Task instructions: Go to the line below containing "unfolding noise_op_def by" and print exactly from there through the line containing "by (rule sum_mult_powr_le[OF", both included. Print nothing else.

Data excerpts:
○ ○ ○ ○ ○ ○ ○
(* Fix an observation direction $\hat{\mathbf{x}}_0\in\mathbb{S}^2$ and choose $\mathbf{q}_0\in\mathbb{S}^2$ with $\mathbf{q}_0\cdot\hat{\mathbf{x}}_0\neq 0$; set $\mathbf{l}:=\frac{\hat{\mathbf{x}}_0\times \mathbf{q}_0}{|\hat{\mathbf{x}}_0\times \mathbf{q}_0|}$ and $\mathbf{m}:=\hat{\mathbf{x}}_0\times\mathbf{l}$. Let $\mathbf{e}\in\{\mathbf{l},\mathbf{m}\}$. If the set $$\{\alpha\in\mathbb{R}\;|\;\Pi_\alpha\subset S(\hat{\mathbf{x}}_0;\mathbf{J}),\ \hat{\mathbf{J}}_{\mathbf{e}}(\alpha)=0\}$$ has Lebesgue measure zero, then the strip $S(\hat{\mathbf{x}}_0;\mathbf{J})$ of the source support $D$ is uniquely determined by the data $\mathbf{e}\cdot\mathbf{E}^{\infty}(\hat{\mathbf{x}}_0,k;\mathbf{J})$ for all $k\in K$ at the single observation direction $\hat{\mathbf{x}}_0$.
   Context: Time-harmonic Maxwell equations in $\mathbb{R}^3$ with constant $\epsilon,\mu>0$, zero conductivity: $\mathrm{curl}\,\mathbf{E}-i\omega\mu\mathbf{H}=0$, $\mathrm{curl}\,\mathbf{H}+i\omega\epsilon\mathbf{E}=\mathbf{J}$, with the Silver–Müller radiation condition; $k=\omega\sqrt{\epsilon\mu}$ ranges over $K=(k_{min},k_{max})$ with $0<k_{min}<k_{max}$. The source $\mathbf{J}\in(L^\infty(\mathbb{R}^3))^3$ has compact support in a bounded Lipschitz domain $D$ with connected complement. The electric far field pattern is $\mathbf{E}^{\infty}(\hat{\mathbf{x}},k;\mathbf{J})=i\omega\mu(\mathbb{I}-\hat{\mathbf{x}}\hat{\mathbf{x}}^{T})\int_{\mathbb{R}^3}e^{-ik\hat{\mathbf{x}}\cdot\mathbf{y}}\mathbf{J}(\mathbf{y})\,d\mathbf{y}$. The $\hat{\mathbf{x}}$-strip hull of $D$ is $S(\hat{\mathbf{x}};\mathbf{J}):=\{\mathbf{y}\in\mathbb{R}^3:\inf_{\mathbf{z}\in D}\mathbf{z}\cdot\hat{\mathbf{x}}\le\mathbf{y}\cdot\hat{\mathbf{x}}\le\sup_{\mathbf{z}\in D}\mathbf{z}\cdot\hat{\mathbf{x}}\}$, the smallest strip with normals $\pm\hat{\mathbf{x}}$ containing $\overline{D}$. For $\alpha\in\mathbb{R}$, $\Pi_\alpha:=\{\mathbf{y}\in\mathbb{R}^3:\mathbf{y}\cdot\hat{\mathbf{x}}_0+\alpha=0\}$ and $\hat{\mathbf{J}}_{\mathbf{e}}(\alpha):=\int_{\Pi_\alpha}\mathbf{e}\cdot\mathbf{J}(\mathbf{y})\,ds(\mathbf{y})$. *)

theory Defs
  imports "HOL-Analysis.Analysis"
begin

definition local_coords :: "real^3 \<Rightarrow> real^3^3 \<Rightarrow> real^2 \<Rightarrow> real \<Rightarrow> real^3" where
  "local_coords p Q u t = p + Q *v (\<chi> i. if i = 1 then u$1 else if i = 2 then u$2 else t)"
lemma flip_in_cube: "x \<in> cube n \<Longrightarrow> j < n \<Longrightarrow> flip j x \<in> cube n"
  unfolding cube_def flip_def by auto

lemma sum_cube_prod:
  fixes F :: "nat \<Rightarrow> real \<Rightarrow> real"
  shows "(\<Sum>\<xi>\<in>cube n. \<Prod>i<n. F i (\<xi> i)) = (\<Prod>i<n. F i 1 + F i (-1))"
proof (induction n)
  case 0
  then show ?case by (simp add: cube_0)
next
  case (Suc n)
  have "(\<Sum>\<xi>\<in>cube (Suc n). \<Prod>i<Suc n. F i (\<xi> i))
      = (\<Sum>(\<xi>, e)\<in>cube n \<times> {-1, 1}. \<Prod>i<Suc n. F i ((\<xi>(n := e)) i))"
    unfolding cube_Suc by (subst sum.reindex[OF inj_on_cube_Suc]) (simp add: case_prod_beta)
  also have "\<dots> = (\<Sum>(\<xi>, e)\<in>cube n \<times> {-1, 1}. (\<Prod>i<n. F i (\<xi> i)) * F n e)"
    by (intro sum.cong refl) (auto intro!: prod.cong)
  also have "\<dots> = (\<Sum>\<xi>\<in>cube n. \<Prod>i<n. F i (\<xi> i)) * (F n 1 + F n (-1))"
    by (simp add: sum.cartesian_product[symmetric] sum.distrib sum_distrib_right
        distrib_left add.commute)
  finally show ?case using Suc by simp
qed

lemma walsh_eq_prod_lessThan:
  assumes "S \<subseteq> {..<n}"
  shows "walsh S \<xi> = (\<Prod>i<n. if i \<in> S then \<xi> i else 1)"
proof -
  have "(\<Prod>i<n. if i \<in> S then \<xi> i else 1) = prod \<xi> ({..<n} \<inter> S)"
    by (simp add: prod.inter_restrict)
  then show ?thesis using assms by (simp add: walsh_def Int_absorb1)
qed

section \<open>The noise operator\<close>

definition noise_kernel :: "nat \<Rightarrow> real \<Rightarrow> (nat \<Rightarrow> real) \<Rightarrow> (nat \<Rightarrow> real) \<Rightarrow> real" where
  "noise_kernel n r x \<xi> = (\<Prod>i<n. (1 + r * x i * \<xi> i) / 2)"

definition noise_op :: "nat \<Rightarrow> real \<Rightarrow> ((nat \<Rightarrow> real) \<Rightarrow> real) \<Rightarrow> (nat \<Rightarrow> real) \<Rightarrow> real" where
  "noise_op n r g x = (\<Sum>\<xi>\<in>cube n. noise_kernel n r x \<xi> * g \<xi>)"

lemma noise_kernel_commute: "noise_kernel n r x \<xi> = noise_kernel n r \<xi> x"
  unfolding noise_kernel_def by (simp add: mult.commute mult.left_commute)

lemma noise_kernel_nonneg:
  assumes "\<bar>r\<bar> \<le> 1" "x \<in> cube n" "\<xi> \<in> cube n"
  shows "noise_kernel n r x \<xi> \<ge> 0"
  unfolding noise_kernel_def
proof (rule prod_nonneg)
  fix i assume "i \<in> {..<n}"
  then have "\<bar>r * x i * \<xi> i\<bar> \<le> 1"
    using assms cube_coord_abs by (simp add: abs_mult)
  then show "0 \<le> (1 + r * x i * \<xi> i) / 2" by (simp add: abs_le_iff)
qed

lemma sum_noise_kernel: "(\<Sum>\<xi>\<in>cube n. noise_kernel n r x \<xi>) = 1"
  unfolding noise_kernel_def using sum_cube_prod[of "\<lambda>i e. (1 + r * x i * e) / 2" n]
  by (simp add: field_simps)

lemma sum_noise_kernel_walsh:
  assumes "S \<subseteq> {..<n}"
  shows "(\<Sum>\<xi>\<in>cube n. noise_kernel n r x \<xi> * walsh S \<xi>) = r ^ card S * walsh S x"
proof -
  have "(\<Sum>\<xi>\<in>cube n. noise_kernel n r x \<xi> * walsh S \<xi>)
      = (\<Sum>\<xi>\<in>cube n. \<Prod>i<n. (1 + r * x i * \<xi> i) / 2 * (if i \<in> S then \<xi> i else 1))"
    unfolding noise_kernel_def walsh_eq_prod_lessThan[OF assms] prod.distrib ..
  also have "\<dots> = (\<Prod>i<n. if i \<in> S then r * x i else 1)"
    by (subst sum_cube_prod) (auto intro!: prod.cong simp: field_simps)
  also have "\<dots> = r ^ card S * walsh S x"
    using assms finite_subset[OF assms]
    by (simp add: walsh_eq_prod_lessThan[OF assms] prod.distrib prod.If_cases Int_absorb1)
  finally show ?thesis .
qed

lemma sum_noise_kernel_centered_products:
  assumes "x \<in> cube n" "j < n" "k < n"
  shows "(\<Sum>\<xi>\<in>cube n. noise_kernel n r x \<xi> * ((\<xi> j - r * x j) * (\<xi> k - r * x k)))
       = (if j = k then 1 - r\<^sup>2 else 0)"
proof -
  let ?E = "\<lambda>h. \<Sum>\<xi>\<in>cube n. noise_kernel n r x \<xi> * h \<xi>"
  have coord: "?E (\<lambda>\<xi>. \<xi> i) = r * x i" if "i < n" for i
    using sum_noise_kernel_walsh[of "{i}" n r x] that by (simp add: walsh_def)
  have pair: "?E (\<lambda>\<xi>. \<xi> j * \<xi> k) = (if j = k then 1 else r\<^sup>2 * x j * x k)"
  proof (cases "j = k")
    case True
    then show ?thesis
      using sum_noise_kernel[of n r x] cube_coord_sq[of _ n j] assms
      by (simp cong: sum.cong)
  next
    case False
    then show ?thesis
      using sum_noise_kernel_walsh[of "{j, k}" n r x] assms
      by (simp add: walsh_def power2_eq_square)
  qed
  have "?E (\<lambda>\<xi>. (\<xi> j - r * x j) * (\<xi> k - r * x k))
      = ?E (\<lambda>\<xi>. \<xi> j * \<xi> k) - r * x j * ?E (\<lambda>\<xi>. \<xi> k) - r * x k * ?E (\<lambda>\<xi>. \<xi> j)
        + r * x j * (r * x k) * ?E (\<lambda>_. 1)"
    by (simp add: algebra_simps sum.distrib sum_subtractf sum_distrib_left)
  also have "\<dots> = (if j = k then 1 - r\<^sup>2 else 0)"
    using pair coord[OF assms(2)] coord[OF assms(3)] sum_noise_kernel[of n r x]
      cube_coord_sq[OF assms(1,2)]
    by (auto simp: power2_eq_square algebra_simps)
  finally show ?thesis .
qed

lemma noise_kernel_flip:
  assumes x: "x \<in> cube n" and \<xi>: "\<xi> \<in> cube n" and j: "j < n"
  shows "(1 - r\<^sup>2) * ((noise_kernel n r x \<xi> - noise_kernel n r (flip j x) \<xi>) / 2)
       = r * noise_kernel n r x \<xi> * (x j * (\<xi> j - r * x j))"
proof -
  define R where "R = (\<Prod>i\<in>{..<n} - {j}. (1 + r * x i * \<xi> i) / 2)"
  define u where "u = x j * \<xi> j"
  have K: "noise_kernel n r x \<xi> = (1 + r * u) / 2 * R"
    unfolding noise_kernel_def R_def u_def using j by (simp add: prod.remove mult.assoc)
  have K_flip: "noise_kernel n r (flip j x) \<xi> = (1 - r * u) / 2 * R"
  proof -
    have "(\<Prod>i\<in>{..<n} - {j}. (1 + r * flip j x i * \<xi> i) / 2) = R"
      unfolding R_def flip_def by (intro prod.cong) auto
    then show ?thesis
      unfolding noise_kernel_def u_def using j by (simp add: prod.remove flip_def mult.assoc)
  qed
  have score: "x j * (\<xi> j - r * x j) = u - r"
    using cube_coord_sq[OF x j] unfolding u_def by (simp add: algebra_simps)
  have "u * u = 1"
    using cube_coord_sq[OF x j] cube_coord_sq[OF \<xi> j] unfolding u_def
    by (metis mult.commute mult.left_commute mult_1_right)
  have "r * ((1 + r * u) / 2 * R) * (u - r) = r * R / 2 * (u - r + r * (u * u) - r\<^sup>2 * u)"
    by (simp add: field_simps power2_eq_square)
  also have "\<dots> = (1 - r\<^sup>2) * (((1 + r * u) / 2 * R - (1 - r * u) / 2 * R) / 2)"
    unfolding \<open>u * u = 1\<close> by (simp add: field_simps power2_eq_square)
  finally show ?thesis by (simp only: K K_flip score)
qed

lemma noise_op_nonneg:
  assumes "\<bar>r\<bar> \<le> 1" "x \<in> cube n" "\<And>\<xi>. \<xi> \<in> cube n \<Longrightarrow> h \<xi> \<ge> 0"
  shows "noise_op n r h x \<ge> 0"
  unfolding noise_op_def using assms noise_kernel_nonneg by (simp add: sum_nonneg)

lemma noise_op_walsh_expansion:
  assumes "finite I" "\<And>S. S \<in> I \<Longrightarrow> S \<subseteq> {..<n}"
    and "\<forall>\<xi>\<in>cube n. f \<xi> = (\<Sum>S\<in>I. c S * walsh S \<xi>)"
  shows "noise_op n r f x = (\<Sum>S\<in>I. c S * r ^ card S * walsh S x)"
proof -
  have "noise_op n r f x = (\<Sum>\<xi>\<in>cube n. \<Sum>S\<in>I. c S * (noise_kernel n r x \<xi> * walsh S \<xi>))"
    unfolding noise_op_def using assms(3) by (simp add: sum_distrib_left mult_ac)
  also have "\<dots> = (\<Sum>S\<in>I. c S * (\<Sum>\<xi>\<in>cube n. noise_kernel n r x \<xi> * walsh S \<xi>))"
    by (subst sum.swap) (simp add: sum_distrib_left)
  also have "\<dots> = (\<Sum>S\<in>I. c S * r ^ card S * walsh S x)"
    using assms(2) by (simp add: sum_noise_kernel_walsh mult.assoc)
  finally show ?thesis .
qed

lemma sum_noise_op: "(\<Sum>x\<in>cube n. noise_op n r h x) = (\<Sum>x\<in>cube n. h x)"
proof -
  have "(\<Sum>x\<in>cube n. noise_op n r h x) = (\<Sum>\<xi>\<in>cube n. (\<Sum>x\<in>cube n. noise_kernel n r \<xi> x) * h \<xi>)"
    unfolding noise_op_def by (subst sum.swap) (simp add: noise_kernel_commute sum_distrib_right)
  then show ?thesis by (simp add: sum_noise_kernel)
qed

lemma noise_op_powr_le:
  assumes "q \<ge> 1" "\<bar>r\<bar> \<le> 1" "x \<in> cube n" "\<And>\<xi>. \<xi> \<in> cube n \<Longrightarrow> h \<xi> \<ge> 0"
  shows "noise_op n r h x powr q \<le> noise_op n r (\<lambda>\<xi>. h \<xi> powr q) x"
proof -
  have "noise_op n r h x powr q
      \<le> (\<Sum>\<xi>\<in>cube n. noise_kernel n r x \<xi>) powr (q - 1) * noise_op n r (\<lambda>\<xi>. h \<xi> powr q) x"
    unfolding noise_op_def
    by (rule sum_mult_powr_le[OF finite_cube]) (use assms noise_kernel_nonneg in auto)
  then show ?thesis by (simp add: sum_noise_kernel)
qed

lemma sqrt_noise_op_sq_powr_le:
  assumes "p \<ge> 2" "\<bar>r\<bar> \<le> 1" "x \<in> cube n"
  shows "sqrt (noise_op n r (\<lambda>\<xi>. (f \<xi>)\<^sup>2) x) powr p \<le> noise_op n r (\<lambda>\<xi>. \<bar>f \<xi>\<bar> powr p) x"
proof -
  have "sqrt (noise_op n r (\<lambda>\<xi>. (f \<xi>)\<^sup>2) x) powr p = noise_op n r (\<lambda>\<xi>. (f \<xi>)\<^sup>2) x powr (p / 2)"
    using noise_op_nonneg[OF assms(2,3)] by (simp add: powr_half_sqrt[symmetric] powr_powr)
  also have "\<dots> \<le> noise_op n r (\<lambda>\<xi>. ((f \<xi>)\<^sup>2) powr (p / 2)) x"
    using assms by (intro noise_op_powr_le) auto
  finally show ?thesis by (simp add: power2_powr_half)
qed

section \<open>Gradients of noisy functions\<close>

lemma Dj_sum: "Dj j (\<lambda>y. \<Sum>k\<in>K. w k * h k y) x = (\<Sum>k\<in>K. w k * Dj j (h k) x)"
  unfolding Dj_def by (simp add: right_diff_distrib sum_subtractf flip: sum_divide_distrib)

lemma grad_norm_cong:
  assumes "\<And>y. y \<in> cube n \<Longrightarrow> f y = g y" "x \<in> cube n"
  shows "grad_norm n f x = grad_norm n g x"
  unfolding grad_norm_def Dj_def using assms flip_in_cube by simp

lemma grad_norm_sum_le:
  assumes "finite K"
  shows "grad_norm n (\<lambda>y. \<Sum>k\<in>K. w k * h k y) x \<le> (\<Sum>k\<in>K. \<bar>w k\<bar> * grad_norm n (h k) x)"
proof -
  have "grad_norm n (\<lambda>y. \<Sum>k\<in>K. w k * h k y) x = L2_set (\<lambda>j. \<Sum>k\<in>K. w k * Dj j (h k) x) {..<n}"
    unfolding grad_norm_def L2_set_def Dj_sum ..
  also have "\<dots> \<le> (\<Sum>k\<in>K. L2_set (\<lambda>j. w k * Dj j (h k) x) {..<n})"
    by (rule L2_set_sum_le[OF assms])
  also have "\<dots> = (\<Sum>k\<in>K. \<bar>w k\<bar> * grad_norm n (h k) x)"
    unfolding grad_norm_def L2_set_def
    by (simp add: power_mult_distrib real_sqrt_mult flip: sum_distrib_left)
  finally show ?thesis .
qed

lemma Dj_noise_op:
  assumes x: "x \<in> cube n" and j: "j < n"
  shows "(1 - r\<^sup>2) * Dj j (noise_op n r g) x
       = r * (\<Sum>\<xi>\<in>cube n. noise_kernel n r x \<xi> * g \<xi> * (x j * (\<xi> j - r * x j)))"
proof -
  have "Dj j (noise_op n r g) x
      = (\<Sum>\<xi>\<in>cube n. ((noise_kernel n r x \<xi> - noise_kernel n r (flip j x) \<xi>) / 2) * g \<xi>)"
    unfolding Dj_def noise_op_def by (simp add: left_diff_distrib sum_subtractf flip: sum_divide_distrib)
  then have "(1 - r\<^sup>2) * Dj j (noise_op n r g) x
      = (\<Sum>\<xi>\<in>cube n. (1 - r\<^sup>2) * ((noise_kernel n r x \<xi> - noise_kernel n r (flip j x) \<xi>) / 2) * g \<xi>)"
    by (simp add: sum_distrib_left mult.assoc)
  also have "\<dots> = (\<Sum>\<xi>\<in>cube n. r * noise_kernel n r x \<xi> * (x j * (\<xi> j - r * x j)) * g \<xi>)"
    by (intro sum.cong refl) (simp only: noise_kernel_flip[OF x _ j])
  also have "\<dots> = r * (\<Sum>\<xi>\<in>cube n. noise_kernel n r x \<xi> * g \<xi> * (x j * (\<xi> j - r * x j)))"
    by (simp add: sum_distrib_left mult_ac)
  finally show ?thesis .
qed

lemma sum_noise_kernel_score_sq:
  assumes x: "x \<in> cube n"
  shows "(\<Sum>\<xi>\<in>cube n. noise_kernel n r x \<xi> * (\<Sum>j<n. a j * (x j * (\<xi> j - r * x j)))\<^sup>2)
       = (1 - r\<^sup>2) * (\<Sum>j<n. (a j)\<^sup>2)"
proof -
  define u where "u \<xi> j = a j * (x j * (\<xi> j - r * x j))" for \<xi> j
  have "(\<Sum>\<xi>\<in>cube n. noise_kernel n r x \<xi> * (\<Sum>j<n. u \<xi> j)\<^sup>2)
      = (\<Sum>\<xi>\<in>cube n. \<Sum>j<n. \<Sum>k<n. noise_kernel n r x \<xi> * (u \<xi> j * u \<xi> k))"
    unfolding power2_eq_square sum_product by (simp add: sum_distrib_left)
  also have "\<dots> = (\<Sum>j<n. \<Sum>k<n. \<Sum>\<xi>\<in>cube n. noise_kernel n r x \<xi> * (u \<xi> j * u \<xi> k))"
    by (subst sum.swap) (simp add: sum.swap[of _ "cube n"])
  also have "\<dots> = (\<Sum>j<n. \<Sum>k<n. (a j * x j * (a k * x k)) *
      (\<Sum>\<xi>\<in>cube n. noise_kernel n r x \<xi> * ((\<xi> j - r * x j) * (\<xi> k - r * x k))))"
    unfolding u_def sum_distrib_left by (intro sum.cong refl) (simp add: algebra_simps)
  also have "\<dots> = (\<Sum>j<n. \<Sum>k<n. if j = k then a j * x j * (a j * x j) * (1 - r\<^sup>2) else 0)"
    by (intro sum.cong refl) (simp add: sum_noise_kernel_centered_products[OF x])
  also have "\<dots> = (\<Sum>j<n. a j * x j * (a j * x j) * (1 - r\<^sup>2))"
    by simp
  also have "\<dots> = (\<Sum>j<n. (1 - r\<^sup>2) * (a j)\<^sup>2)"
    using cube_coord_sq[OF x]
    by (intro sum.cong refl) (simp add: power2_eq_square algebra_simps)
  finally show ?thesis unfolding u_def by (simp add: sum_distrib_left)
qed
text \<open>parts p X: the multiset of occurrences (with polarity; True = positive)
  of parts of X, when X itself occurs with polarity p.\<close>

fun parts :: "bool \<Rightarrow> 'n form \<Rightarrow> (bool \<times> 'n form) multiset" where
  "parts p (Eps a b) = {#(p, Eps a b)#}"
| "parts p (Or B C) = {#(p, Or B C)#} + (if p then parts True B + parts True C else {#})"
| "parts p (Neg B) = {#(p, Neg B)#} + parts (\<not> p) B"

definition pos_part :: "'n form \<Rightarrow> 'n form \<Rightarrow> bool" where
  "pos_part B A = ((True, B) \<in># parts True A)"

definition neg_part :: "'n form \<Rightarrow> 'n form \<Rightarrow> bool" where
  "neg_part B A = ((False, B) \<in># parts True A)"

text \<open>A formula of the form F[B+, B-].\<close>
definition closed_form :: "'n form \<Rightarrow> bool" where
  "closed_form A = (\<exists>B. pos_part B A \<and> neg_part B A)"

text \<open>tab_closed A: A has a closed tableau (a finite tree built by the reduction
  rules, all of whose branches end in a closed formula).  Two specified
  occurrences must be distinct occurrences (multiset inclusion).\<close>

inductive tab_closed :: "fm \<Rightarrow> bool" where
  leaf: "closed_form A \<Longrightarrow> tab_closed A"
| or_neg: "neg_part (Or B C) A \<Longrightarrow> tab_closed (Or A (Neg B)) \<Longrightarrow> tab_closed (Or A (Neg C))
           \<Longrightarrow> tab_closed A"
| eps1: "neg_part (Eps a b) A \<Longrightarrow> tab_closed (Or A (Neg (Eps a a))) \<Longrightarrow> tab_closed A"
| eps2: "{#(False, Eps a b), (False, Eps b c)#} \<subseteq># parts True A
         \<Longrightarrow> tab_closed (Or A (Neg (Eps a c))) \<Longrightarrow> tab_closed A"
| eps3b: "{#(False, Eps a b), (False, Eps b b)#} \<subseteq># parts True A
         \<Longrightarrow> tab_closed (Or A (Neg (Eps b a))) \<Longrightarrow> tab_closed A"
○ ○ ○ ○ ○ ○ ○
Completed task:
    unfolding noise_op_def by (subst sum.swap) (simp add: noise_kernel_commute sum_distrib_right)
  then show ?thesis by (simp add: sum_noise_kernel)
qed

lemma noise_op_powr_le:
  assumes "q \<ge> 1" "\<bar>r\<bar> \<le> 1" "x \<in> cube n" "\<And>\<xi>. \<xi> \<in> cube n \<Longrightarrow> h \<xi> \<ge> 0"
  shows "noise_op n r h x powr q \<le> noise_op n r (\<lambda>\<xi>. h \<xi> powr q) x"
proof -
  have "noise_op n r h x powr q
      \<le> (\<Sum>\<xi>\<in>cube n. noise_kernel n r x \<xi>) powr (q - 1) * noise_op n r (\<lambda>\<xi>. h \<xi> powr q) x"
    unfolding noise_op_def
    by (rule sum_mult_powr_le[OF finite_cube]) (use assms noise_kernel_nonneg in auto)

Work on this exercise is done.